List all lines of the data that include the string "Union".

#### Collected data
-----
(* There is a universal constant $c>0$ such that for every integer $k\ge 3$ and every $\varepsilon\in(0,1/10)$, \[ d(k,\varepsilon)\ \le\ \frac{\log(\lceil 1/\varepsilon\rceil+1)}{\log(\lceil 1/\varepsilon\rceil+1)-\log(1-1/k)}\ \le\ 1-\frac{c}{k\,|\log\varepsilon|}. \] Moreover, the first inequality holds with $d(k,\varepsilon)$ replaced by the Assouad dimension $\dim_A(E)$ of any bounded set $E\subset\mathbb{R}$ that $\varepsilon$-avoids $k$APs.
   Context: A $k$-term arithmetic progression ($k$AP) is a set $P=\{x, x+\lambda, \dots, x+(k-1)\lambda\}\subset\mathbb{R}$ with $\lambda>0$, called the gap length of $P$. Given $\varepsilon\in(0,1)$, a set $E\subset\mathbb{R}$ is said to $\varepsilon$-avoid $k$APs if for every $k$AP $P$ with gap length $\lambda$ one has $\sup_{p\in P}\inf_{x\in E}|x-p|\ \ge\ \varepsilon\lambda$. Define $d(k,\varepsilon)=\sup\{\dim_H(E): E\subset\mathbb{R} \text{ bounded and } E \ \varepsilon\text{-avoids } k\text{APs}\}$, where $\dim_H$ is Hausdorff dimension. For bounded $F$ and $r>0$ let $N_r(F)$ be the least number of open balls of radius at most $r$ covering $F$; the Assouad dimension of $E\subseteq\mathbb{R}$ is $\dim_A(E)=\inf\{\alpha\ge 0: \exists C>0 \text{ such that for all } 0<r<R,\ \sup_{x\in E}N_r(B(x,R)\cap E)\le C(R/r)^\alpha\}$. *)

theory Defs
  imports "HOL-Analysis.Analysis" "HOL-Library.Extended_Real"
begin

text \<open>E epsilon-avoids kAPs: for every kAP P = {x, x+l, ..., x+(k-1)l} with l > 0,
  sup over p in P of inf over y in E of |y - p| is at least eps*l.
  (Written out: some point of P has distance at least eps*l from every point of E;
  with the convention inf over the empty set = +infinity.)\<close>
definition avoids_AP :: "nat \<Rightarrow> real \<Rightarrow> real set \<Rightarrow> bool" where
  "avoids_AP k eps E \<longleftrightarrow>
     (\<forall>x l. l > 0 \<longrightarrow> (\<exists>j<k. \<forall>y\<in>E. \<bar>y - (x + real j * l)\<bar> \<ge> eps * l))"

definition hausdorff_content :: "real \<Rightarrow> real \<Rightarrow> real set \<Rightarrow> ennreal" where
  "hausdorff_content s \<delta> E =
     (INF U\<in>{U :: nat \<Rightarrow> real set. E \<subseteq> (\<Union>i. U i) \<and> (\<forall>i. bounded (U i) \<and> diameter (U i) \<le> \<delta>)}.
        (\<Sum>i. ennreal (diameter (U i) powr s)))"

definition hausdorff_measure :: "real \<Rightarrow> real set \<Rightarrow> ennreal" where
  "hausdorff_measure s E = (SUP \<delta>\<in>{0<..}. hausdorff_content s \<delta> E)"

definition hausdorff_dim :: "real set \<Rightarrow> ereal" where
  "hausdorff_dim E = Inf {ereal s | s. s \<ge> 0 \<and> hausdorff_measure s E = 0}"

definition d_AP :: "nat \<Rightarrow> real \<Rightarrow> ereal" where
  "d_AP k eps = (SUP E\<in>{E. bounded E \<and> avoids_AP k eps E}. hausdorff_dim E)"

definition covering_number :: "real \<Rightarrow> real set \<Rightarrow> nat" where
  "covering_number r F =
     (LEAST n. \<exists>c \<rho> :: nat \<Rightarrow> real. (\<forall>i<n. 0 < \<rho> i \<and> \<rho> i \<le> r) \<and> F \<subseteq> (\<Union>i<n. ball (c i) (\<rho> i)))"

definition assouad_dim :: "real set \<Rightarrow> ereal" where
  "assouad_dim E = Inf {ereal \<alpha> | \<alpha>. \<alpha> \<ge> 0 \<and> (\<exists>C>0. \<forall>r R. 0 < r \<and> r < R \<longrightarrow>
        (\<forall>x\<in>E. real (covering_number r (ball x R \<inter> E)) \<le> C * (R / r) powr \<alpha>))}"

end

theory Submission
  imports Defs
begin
-----
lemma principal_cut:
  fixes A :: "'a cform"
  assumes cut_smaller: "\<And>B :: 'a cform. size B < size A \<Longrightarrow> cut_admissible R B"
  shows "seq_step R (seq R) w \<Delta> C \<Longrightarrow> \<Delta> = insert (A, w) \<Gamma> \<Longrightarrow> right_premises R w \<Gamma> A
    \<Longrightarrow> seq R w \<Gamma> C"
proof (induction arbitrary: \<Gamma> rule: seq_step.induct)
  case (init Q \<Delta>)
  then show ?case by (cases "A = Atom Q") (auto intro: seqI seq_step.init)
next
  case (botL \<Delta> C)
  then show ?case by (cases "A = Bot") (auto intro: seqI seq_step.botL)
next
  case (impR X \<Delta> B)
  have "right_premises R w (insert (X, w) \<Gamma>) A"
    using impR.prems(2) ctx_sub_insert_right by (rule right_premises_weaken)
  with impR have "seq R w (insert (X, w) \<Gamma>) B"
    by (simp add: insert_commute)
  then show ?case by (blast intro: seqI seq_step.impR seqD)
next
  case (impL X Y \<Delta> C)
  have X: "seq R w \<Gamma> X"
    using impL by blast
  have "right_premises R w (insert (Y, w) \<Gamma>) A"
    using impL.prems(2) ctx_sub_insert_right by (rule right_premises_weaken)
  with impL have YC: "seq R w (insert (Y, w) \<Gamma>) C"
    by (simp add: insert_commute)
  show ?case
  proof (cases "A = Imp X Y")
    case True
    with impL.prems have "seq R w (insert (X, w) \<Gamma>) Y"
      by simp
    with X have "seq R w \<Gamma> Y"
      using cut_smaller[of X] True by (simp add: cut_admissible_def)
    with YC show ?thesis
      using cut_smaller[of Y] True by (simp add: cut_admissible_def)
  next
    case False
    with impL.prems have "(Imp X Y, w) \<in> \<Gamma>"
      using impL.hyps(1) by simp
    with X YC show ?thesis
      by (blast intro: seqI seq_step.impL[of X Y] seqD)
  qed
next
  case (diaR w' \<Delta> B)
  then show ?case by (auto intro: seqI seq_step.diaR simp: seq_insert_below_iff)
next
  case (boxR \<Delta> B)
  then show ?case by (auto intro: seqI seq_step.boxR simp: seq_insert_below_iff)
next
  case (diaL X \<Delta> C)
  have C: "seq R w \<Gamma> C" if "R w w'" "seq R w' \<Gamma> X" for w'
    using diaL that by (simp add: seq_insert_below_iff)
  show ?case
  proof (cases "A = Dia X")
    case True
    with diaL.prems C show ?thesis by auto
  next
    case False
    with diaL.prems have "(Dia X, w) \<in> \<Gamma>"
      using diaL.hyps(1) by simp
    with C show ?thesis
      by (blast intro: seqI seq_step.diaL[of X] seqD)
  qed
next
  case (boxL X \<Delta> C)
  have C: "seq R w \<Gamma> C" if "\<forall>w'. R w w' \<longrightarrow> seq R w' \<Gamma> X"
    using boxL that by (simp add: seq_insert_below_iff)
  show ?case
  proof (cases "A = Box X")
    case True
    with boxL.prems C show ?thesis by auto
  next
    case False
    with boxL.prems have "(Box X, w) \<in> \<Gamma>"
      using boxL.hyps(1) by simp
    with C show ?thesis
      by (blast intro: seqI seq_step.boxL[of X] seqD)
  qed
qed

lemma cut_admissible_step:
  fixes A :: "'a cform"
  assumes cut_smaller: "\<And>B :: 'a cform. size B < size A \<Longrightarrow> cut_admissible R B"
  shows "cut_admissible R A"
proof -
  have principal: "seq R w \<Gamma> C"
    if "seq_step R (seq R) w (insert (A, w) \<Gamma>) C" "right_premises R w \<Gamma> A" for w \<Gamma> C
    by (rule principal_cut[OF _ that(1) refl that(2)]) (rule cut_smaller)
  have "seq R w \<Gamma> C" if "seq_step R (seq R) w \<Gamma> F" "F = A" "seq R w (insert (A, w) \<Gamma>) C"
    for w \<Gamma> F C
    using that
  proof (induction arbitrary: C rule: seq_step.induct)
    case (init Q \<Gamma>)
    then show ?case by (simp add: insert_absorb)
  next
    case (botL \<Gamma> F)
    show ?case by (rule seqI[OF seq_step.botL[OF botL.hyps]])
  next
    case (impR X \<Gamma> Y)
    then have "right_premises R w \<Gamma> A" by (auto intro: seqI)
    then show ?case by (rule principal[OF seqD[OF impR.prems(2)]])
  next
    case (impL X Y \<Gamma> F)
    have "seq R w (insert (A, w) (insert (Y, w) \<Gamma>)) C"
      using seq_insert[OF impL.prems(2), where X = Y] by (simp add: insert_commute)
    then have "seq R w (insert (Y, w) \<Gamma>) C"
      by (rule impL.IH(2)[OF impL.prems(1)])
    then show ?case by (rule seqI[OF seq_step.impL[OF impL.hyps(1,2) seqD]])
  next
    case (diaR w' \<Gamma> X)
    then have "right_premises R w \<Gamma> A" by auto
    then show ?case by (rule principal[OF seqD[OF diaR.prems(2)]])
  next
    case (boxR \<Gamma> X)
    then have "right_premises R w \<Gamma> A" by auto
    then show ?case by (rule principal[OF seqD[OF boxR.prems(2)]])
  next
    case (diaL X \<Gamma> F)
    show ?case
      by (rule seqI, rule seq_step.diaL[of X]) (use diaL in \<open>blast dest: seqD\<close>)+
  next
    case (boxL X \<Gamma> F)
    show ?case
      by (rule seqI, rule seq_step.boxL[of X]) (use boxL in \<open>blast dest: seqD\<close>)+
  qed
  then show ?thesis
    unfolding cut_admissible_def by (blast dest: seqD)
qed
-----
#### Expected answer
     (INF U\<in>{U :: nat \<Rightarrow> real set. E \<subseteq> (\<Union>i. U i) \<and> (\<forall>i. bounded (U i) \<and> diameter (U i) \<le> \<delta>)}.
     (LEAST n. \<exists>c \<rho> :: nat \<Rightarrow> real. (\<forall>i<n. 0 < \<rho> i \<and> \<rho> i \<le> r) \<and> F \<subseteq> (\<Union>i<n. ball (c i) (\<rho> i)))"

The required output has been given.